**REQUIRED ACTION:** From the entries below, copy every line that has the word "forall".

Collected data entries
=-=-=-=-=

lemma pos_ge_0: "x \<in> E \<Longrightarrow> 0 \<le> pos x"
  using pos_upper[OF zero_in _ left_zero] by (simp add: m_zero)

text \<open>Subadditivity via (RDP): a left summand of x + y splits as d1 + d2 with
  d1 a left summand of x and d2 a left summand of y.\<close>
lemma pos_subadditive:
  assumes x: "x \<in> E" and y: "y \<in> E" and s: "p x y = Some s"
  shows "pos s \<le> pos x + pos y"
proof (rule pos_least)
  show "s \<in> E" using sum_closed[OF x y s] .
  fix a b assume ab: "a \<in> E" "b \<in> E" "p a b = Some s"
  have "p a b \<noteq> None \<and> p a b = p x y" using ab(3) s by simp
  then obtain d1 d2 d3 d4 where d: "d1 \<in> E" "d2 \<in> E" "d3 \<in> E" "d4 \<in> E"
    "p d1 d2 = Some a" "p d1 d3 = Some x" "p d2 d4 = Some y"
    using rdp[unfolded RDP_def, rule_format, OF ab(1,2) x y] by blast
  have "m a = m d1 + m d2" using m_add[OF d(1,2,5)] .
  also have "\<dots> \<le> pos x + pos y"
    using pos_upper[OF d(1,3,6)] pos_upper[OF d(2,4,7)] by simp
  finally show "m a \<le> pos x + pos y" .
qed

text \<open>Superadditivity: left summands of x and y combine to one of x + y.\<close>
lemma pos_superadditive:
  assumes x: "x \<in> E" and y: "y \<in> E" and s: "p x y = Some s"
  shows "pos x + pos y \<le> pos s"
proof -
  have "m a + m c \<le> pos s"
    if ab: "a \<in> E" "b \<in> E" "p a b = Some x" and cd: "c \<in> E" "d \<in> E" "p c d = Some y"
    for a b c d
  proof -
    obtain ac r where ac: "ac \<in> E" "r \<in> E" "p a c = Some ac" "p ac r = Some s"
      using left_summands_combine[OF ab cd x y s] by blast
    show ?thesis using pos_upper[OF ac(1,2,4)] m_add[OF ab(1) cd(1) ac(3)] by simp
  qed
  note summands = this
  have "pos y \<le> pos s - m a" if a: "a \<in> E" "b \<in> E" "p a b = Some x" for a b
  proof (rule pos_least[OF y])
    fix c d assume "c \<in> E" "d \<in> E" "p c d = Some y"
    from summands[OF a this] show "m c \<le> pos s - m a" by simp
  qed
  then have "pos x \<le> pos s - pos y"
    by (intro pos_least[OF x]) (simp add: algebra_simps)
  then show ?thesis by simp
qed
lemma smooth_map_into_smooth_E:
  assumes "e \<in> E" "ends e b \<in> H"
  shows "smooth_map (edges_to E ends v H) e \<in> smooth_E E ends H"
proof (cases "e \<in> edges_to E ends v H")
  case False
  then have "e \<notin> incident E ends v" using assms unfolding edges_to_def by blast
  then have "\<forall>c. ends e c \<in> H" using edge_closed assms by blast
  then show ?thesis using False assms unfolding smooth_map_def smooth_E_def by auto
qed (simp add: smooth_map_def smooth_E_def)

lemma side_vertex_coloured:
  fixes c :: "'e option \<Rightarrow> 'c" and \<pi> :: "'c \<Rightarrow> 'd" and col :: "'e \<Rightarrow> 'd"
  assumes smooth_col: "o_colouring H (smooth_E E ends H) (smooth_inc E ends v H) (smooth_sigma E ends \<sigma> v H) c"
    and inj: "inj_on \<pi> (c ` smooth_E E ends H)"
    and cells: "\<forall>C\<in>\<sigma> u. C \<subseteq> incident E ends u"
    and col: "\<forall>e\<in>E. (\<exists>b. ends e b \<in> H) \<longrightarrow> col e = \<pi> (c (smooth_map (edges_to E ends v H) e))"
    and u: "u \<in> H"
  shows "o_vertex (incident E ends) \<sigma> col u"
proof (rule o_vertex_transfer[where m = "smooth_map (edges_to E ends v H)" and c = c and \<pi> = \<pi>])
  show "o_vertex (\<lambda>u. smooth_map (edges_to E ends v H) ` incident E ends u)
          (\<lambda>u. (\<lambda>C. smooth_map (edges_to E ends v H) ` C) ` \<sigma> u) c u"
    using smooth_col u unfolding o_colouring_iff_o_vertex smooth_inc_def smooth_sigma_def by blast
  have "smooth_map (edges_to E ends v H) ` incident E ends u \<subseteq> smooth_E E ends H"
    using smooth_map_into_smooth_E u unfolding incident_def by blast
  then show "inj_on \<pi> (c ` smooth_map (edges_to E ends v H) ` incident E ends u)"
    by (intro inj_on_subset[OF inj] image_mono)
  show "\<forall>e\<in>incident E ends u. col e = \<pi> (c (smooth_map (edges_to E ends v H) e))"
    using col u unfolding incident_def by blast
qed (rule cells)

=-=-=-=-=

**YOUR SOLUTION:**
  then have "\<forall>c. ends e c \<in> H" using edge_closed assms by blast
    and cells: "\<forall>C\<in>\<sigma> u. C \<subseteq> incident E ends u"
    and col: "\<forall>e\<in>E. (\<exists>b. ends e b \<in> H) \<longrightarrow> col e = \<pi> (c (smooth_map (edges_to E ends v H) e))"
  show "\<forall>e\<in>incident E ends u. col e = \<pi> (c (smooth_map (edges_to E ends v H) e))"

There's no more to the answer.